# It's nice to have a place to b!tch



## mickey-mac (Sep 2, 2000)

about things like Santa Ana winds and 70 degree temperatures in February without hearing a load of crap from east coasters who are buried under 18 feet of snow. BTW, I know southern California's south border is the US/Mexico border, where does SC start in the north? Northern Ventura County?


----------



## HAL9000 (May 1, 2002)

*San Diego/Orange County line...*

The further south you live the further south it seems to be.

(though probably, I submit, Santa Barbera/San luis Obispo County)


----------



## mickey-mac (Sep 2, 2000)

*Yeah*



HAL9000 said:


> The further south you live the further south it seems to be.
> 
> (though probably, I submit, Santa Barbera/San luis Obispo County)
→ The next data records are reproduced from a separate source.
(* For all integers $L,M,N\ge 0$, $$\sum_{i,j,k\in\mathbb Z}(-1)^{i+j+k}q^{\binom{i+j+k}{2}+i^2}\begin{bmatrix}2L\\ L-i\end{bmatrix}_{q}\begin{bmatrix}2M\\ M-j\end{bmatrix}_{q}\begin{bmatrix}2N\\ N-k\end{bmatrix}_{q}=q^{(N-M)^2}(q)_{L+M+N}\begin{bmatrix}2L\\ L+N-M\end{bmatrix}_{q}.$$
   Context: $q$ is complex with $|q|<1$. $(q)_n=\prod_{j=1}^n(1-q^j)$. The Gaussian binomial is $\begin{bmatrix}n+m\\ n\end{bmatrix}_q=\frac{(q)_{n+m}}{(q)_n(q)_m}$ if $n,m$ are nonnegative integers and $0$ otherwise. $\binom{x}{2}=x(x-1)/2$. *)

theory Defs
  imports "HOL-Analysis.Analysis"
begin

definition qpoch :: "complex \<Rightarrow> nat \<Rightarrow> complex" where
  "qpoch q n = (\<Prod>j=1..n. 1 - q ^ j)"

text \<open>Gaussian binomial [n+m choose n]_q for integers: (q)_{n+m}/((q)_n (q)_m) if n, m \<ge> 0, else 0.
  Written as qbinom q a b = [a choose b]_q, i.e. n = b, m = a - b.\<close>
definition qbinom :: "complex \<Rightarrow> int \<Rightarrow> int \<Rightarrow> complex" where
  "qbinom q a b = (if 0 \<le> b \<and> 0 \<le> a - b
     then qpoch q (nat a) / (qpoch q (nat b) * qpoch q (nat (a - b))) else 0)"

definition choose2 :: "int \<Rightarrow> int" where
  "choose2 x = x * (x - 1) div 2"

end

theory Submission
  imports Defs "HOL-Library.Groups_Big_Fun"
begin

text \<open>
  Write \<open>A\<^sub>n(i) = [2n, n - i]\<close> for the central Gaussian binomials and
  \<open>w(m) = (-1)\<^sup>m q\<^bsup>m(m-1)/2\<^esup>\<close>, so that the summand of the theorem is
  \<open>q\<^bsup>i\<^sup>2\<^esup> A\<^sub>L(i) A\<^sub>M(j) A\<^sub>N(k) w(i + j + k)\<close>.  For \<open>0 < |q| < 1\<close> the proof combines:
  \<^item> a convolution \<open>\<Sum>\<^sub>j A\<^sub>M(j) A\<^sub>N(u - j) = \<Sum>\<^sub>p \<gamma>(p) A\<^sub>p(u)\<close>, a special case of the expansion
    of a product of two Gaussian binomials, proved by a three-term recurrence in the upper index;
  \<^item> an expansion \<open>q\<^bsup>i\<^sup>2\<^esup> A\<^sub>L(i) = \<Sum>\<^sub>n c(n) A\<^sub>n(i)\<close>, from a \<open>q\<close>-Chu--Vandermonde sum;
  \<^item> the orthogonality \<open>\<Sum>\<^sub>i\<^sub>,\<^sub>u A\<^sub>n(i) A\<^sub>p(u) w(i + u) = \<delta>\<^sub>n\<^sub>p (q)\<^sub>2\<^sub>p\<close>, from the \<open>q\<close>-binomial theorem.
  Together they collapse the triple sum to \<open>\<Sum>\<^sub>n c(n) \<gamma>(n) (q)\<^sub>2\<^sub>n\<close>, which the
  \<open>q\<close>-Pfaff--Saalschuetz summation evaluates.  All sums range over \<open>\<int>\<close> with finite support
  (\<open>Sum_any\<close>); reciprocal factorials \<open>1/(q)\<^sub>n\<close>, extended by zero to \<open>n < 0\<close>, make the supports
  automatic.  The case \<open>q = 0\<close> follows by continuity, and the \<open>has_sum\<close> statement from the
  finite support of the summand.
\<close>

subsection \<open>Sums with finite support over the integers\<close>

lemma finite_support_ivl:
  "(\<And>x. x < lo \<or> hi < x \<Longrightarrow> f x = 0) \<Longrightarrow> finite {x :: int. f x \<noteq> 0}"
  by (rule finite_subset[of _ "{lo..hi}"]) force+

lemma Sum_any_single: "(\<And>x. x \<noteq> a \<Longrightarrow> f x = 0) \<Longrightarrow> Sum_any f = f a"
  using Sum_any.expand_superset[of "{a}" f] by auto

lemma Sum_any_shift: "Sum_any (\<lambda>x. f (x + c)) = Sum_any (f :: int \<Rightarrow> 'a :: comm_monoid_add)"
  by (rule Sum_any.reindex_cong[symmetric, of "\<lambda>x. x + c"])
     (auto simp: bij_def inj_def surj_def intro: exI[of _ "_ - c"])

lemma Sum_any_reflect: "Sum_any (\<lambda>x. f (c - x)) = Sum_any (f :: int \<Rightarrow> 'a :: comm_monoid_add)"
  by (rule Sum_any.reindex_cong[symmetric, of "\<lambda>x. c - x"])
     (auto simp: bij_def inj_def surj_def intro: exI[of _ "c - _"])

text \<open>Constant factors; no finiteness is needed, as the support is unchanged or the sum is zero.\<close>
lemma Sum_any_mult_left:
  fixes f :: "'b \<Rightarrow> 'a :: semiring_no_zero_divisors"
  shows "Sum_any (\<lambda>x. c * f x) = c * Sum_any f"
proof (cases "c = 0")
  case False
  hence "{x. c * f x \<noteq> 0} = {x. f x \<noteq> 0}" by auto
  thus ?thesis by (simp add: Sum_any.expand_set sum_distrib_left)
qed simp

lemma Sum_any_mult_right:
  fixes f :: "'b \<Rightarrow> 'a :: semiring_no_zero_divisors"
  shows "Sum_any (\<lambda>x. f x * c) = Sum_any f * c"
proof (cases "c = 0")
  case False
  hence "{x. f x * c \<noteq> 0} = {x. f x \<noteq> 0}" by auto
  thus ?thesis by (simp add: Sum_any.expand_set sum_distrib_right)
qed simp

lemma Sum_any_diff:
  fixes f g :: "'b \<Rightarrow> 'a :: ab_group_add"
  assumes "finite {x. f x \<noteq> 0}" "finite {x. g x \<noteq> 0}"
  shows "Sum_any (\<lambda>x. f x - g x) = Sum_any f - Sum_any g"
proof -
  have "finite {x. - g x \<noteq> 0}" using assms(2) by simp
  hence "Sum_any (\<lambda>x. f x + - g x) = Sum_any f + Sum_any (\<lambda>x. - g x)"
    using assms(1) by (rule Sum_any.distrib[rotated])
  moreover have "Sum_any (\<lambda>x. - g x) = - Sum_any g"
    by (simp add: Sum_any.expand_set sum_negf)
  ultimately show ?thesis by simp
qed

lemma Sum_any_add_diff:
  fixes f g h :: "'b \<Rightarrow> 'a :: ab_group_add"
  assumes "finite {x. f x \<noteq> 0}" "finite {x. g x \<noteq> 0}" "finite {x. h x \<noteq> 0}"
  shows "Sum_any (\<lambda>x. f x + g x - h x) = Sum_any f + Sum_any g - Sum_any h"
proof -
  have "finite {x. f x + g x \<noteq> 0}"
    by (rule finite_subset[OF _ finite_UnI[OF assms(1,2)]]) auto
  thus ?thesis using Sum_any_diff[OF _ assms(3)] Sum_any.distrib[OF assms(1,2)] by simp
qed

lemma Sum_any_telescope:
  fixes g :: "int \<Rightarrow> 'a :: ab_group_add"
  assumes "finite {x. g x \<noteq> 0}"
  shows "Sum_any (\<lambda>x. g (x - 1) - g x) = 0"
proof -
  have "finite ((\<lambda>x. x - 1) -` {x. g x \<noteq> 0})"
    using assms by (rule finite_vimageI) (simp add: inj_def)
  hence "finite {x. g (x - 1) \<noteq> 0}" by (simp add: vimage_def)
  hence "Sum_any (\<lambda>x. g (x - 1) - g x) = Sum_any (\<lambda>x. g (x - 1)) - Sum_any g"
    using assms by (rule Sum_any_diff)
  also have "Sum_any (\<lambda>x. g (x - 1)) = Sum_any g"
    using Sum_any_shift[of g "- 1"] by simp
  finally show ?thesis by simp
qed

lemma Sum_any_swap_box:
  assumes "finite S" "finite T" "\<And>x y. F x y \<noteq> 0 \<Longrightarrow> x \<in> S \<and> y \<in> T"
  shows "Sum_any (\<lambda>x. Sum_any (F x)) = Sum_any (\<lambda>y. Sum_any (\<lambda>x. F x y))"
  by (rule Sum_any.swap[of "S \<times> T"]) (use assms in auto)

lemma sum_box_Sum_any:
  assumes "finite A" "finite B" "finite C" "\<And>x. x \<notin> A \<times> B \<times> C \<Longrightarrow> F x = 0"
  shows "sum F (A \<times> B \<times> C) = Sum_any (\<lambda>i. Sum_any (\<lambda>j. Sum_any (\<lambda>k. F (i, j, k))))"
proof -
  have "Sum_any (\<lambda>k. F (i, j, k)) = (\<Sum>k\<in>C. F (i, j, k))" for i j
    by (rule Sum_any.expand_superset) (use assms in auto)
  moreover have "Sum_any (\<lambda>j. \<Sum>k\<in>C. F (i, j, k)) = (\<Sum>j\<in>B. \<Sum>k\<in>C. F (i, j, k))" for i
    by (rule Sum_any.expand_superset) (use assms in \<open>auto intro!: sum.neutral\<close>)
  moreover have "Sum_any (\<lambda>i. \<Sum>j\<in>B. \<Sum>k\<in>C. F (i, j, k)) = (\<Sum>i\<in>A. \<Sum>j\<in>B. \<Sum>k\<in>C. F (i, j, k))"
    by (rule Sum_any.expand_superset) (use assms in \<open>auto intro!: sum.neutral\<close>)
  ultimately show ?thesis by (simp add: sum.cartesian_product)
qed

lemma biorthogonal_pairing:
  fixes c g d :: "'n \<Rightarrow> 'a :: comm_ring_1" and a b :: "'n \<Rightarrow> 'i \<Rightarrow> 'a"
  assumes fin: "finite S" "finite I"
    and supp_c: "\<And>n. c n \<noteq> 0 \<Longrightarrow> n \<in> S" and supp_g: "\<And>p. g p \<noteq> 0 \<Longrightarrow> p \<in> S"
    and supp_a: "\<And>n i. n \<in> S \<Longrightarrow> a n i \<noteq> 0 \<Longrightarrow> i \<in> I"
    and orth: "\<And>n p. n \<in> S \<Longrightarrow> p \<in> S \<Longrightarrow> Sum_any (\<lambda>i. a n i * b p i) = (if n = p then d n else 0)"
  shows "Sum_any (\<lambda>i. Sum_any (\<lambda>n. c n * a n i) * Sum_any (\<lambda>p. g p * b p i)) = Sum_any (\<lambda>n. c n * g n * d n)"
proof -
  have on_S: "Sum_any F = sum F S" if "\<And>n. F n \<noteq> 0 \<Longrightarrow> n \<in> S" for F :: "'n \<Rightarrow> 'a"
    using fin(1) by (rule Sum_any.expand_superset) (use that in blast)
  have on_I: "Sum_any F = sum F I" if "\<And>i. F i \<noteq> 0 \<Longrightarrow> i \<in> I" for F :: "'i \<Rightarrow> 'a"
    using fin(2) by (rule Sum_any.expand_superset) (use that in blast)
  have product: "Sum_any (\<lambda>n. c n * a n i) * Sum_any (\<lambda>p. g p * b p i)
      = (\<Sum>n\<in>S. \<Sum>p\<in>S. c n * g p * (a n i * b p i))" for i
    using on_S[of "\<lambda>n. c n * a n i"] on_S[of "\<lambda>p. g p * b p i"] supp_c supp_g
    by (force simp: sum_product mult_ac)
  have outside: "(\<Sum>n\<in>S. \<Sum>p\<in>S. c n * g p * (a n i * b p i)) = 0" if "i \<notin> I" for i
    using supp_a that by (metis (no_types, lifting) mult_zero_left mult_zero_right sum.neutral)
  have delta: "(\<Sum>p\<in>S. c n * g p * (\<Sum>i\<in>I. a n i * b p i)) = c n * g n * d n" if n: "n \<in> S" for n
  proof -
    have "c n * g p * (\<Sum>i\<in>I. a n i * b p i) = (if n = p then c n * g n * d n else 0)" if "p \<in> S" for p
      using orth[OF n that] on_I[of "\<lambda>i. a n i * b p i"] supp_a[OF n] by force
    hence "(\<Sum>p\<in>S. c n * g p * (\<Sum>i\<in>I. a n i * b p i)) = (\<Sum>p\<in>S. if n = p then c n * g n * d n else 0)"
      by (rule sum.cong[OF refl])
    thus ?thesis using n fin(1) by simp
  qed
  have "Sum_any (\<lambda>i. Sum_any (\<lambda>n. c n * a n i) * Sum_any (\<lambda>p. g p * b p i))
      = (\<Sum>i\<in>I. \<Sum>n\<in>S. \<Sum>p\<in>S. c n * g p * (a n i * b p i))"
    unfolding product by (rule on_I) (use outside in blast)
  also have "\<dots> = (\<Sum>n\<in>S. \<Sum>p\<in>S. c n * g p * (\<Sum>i\<in>I. a n i * b p i))"
    by (simp add: sum.swap[of _ I] sum_distrib_left)
  also have "\<dots> = (\<Sum>n\<in>S. c n * g n * d n)"
    by (rule sum.cong) (simp_all add: delta)
  also have "\<dots> = Sum_any (\<lambda>n. c n * g n * d n)"
    by (rule on_S[symmetric]) (use supp_c in force)
  finally show ?thesis .
qed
Unfortunately for those folks between the Ventura/Santa Barbara County line and southern Monterey County, most (including this site) divide the state up into north and south, forgetting that Central California is bigger than most state east of the Mississippi.


----------



## Bixe (Jan 28, 2004)

*Year 'Round Ridin'*

Southern California stops about where folks start talking about how happy they aren’t there, whether they are north of SoCal or off in any other direction… Sometimes I’m even inclined to agree with them. 
Tooooo many people. SoCal is a great place but for the Southern Californians. (Full disclosure: Born and raised here. Ambiguity intentional).


----------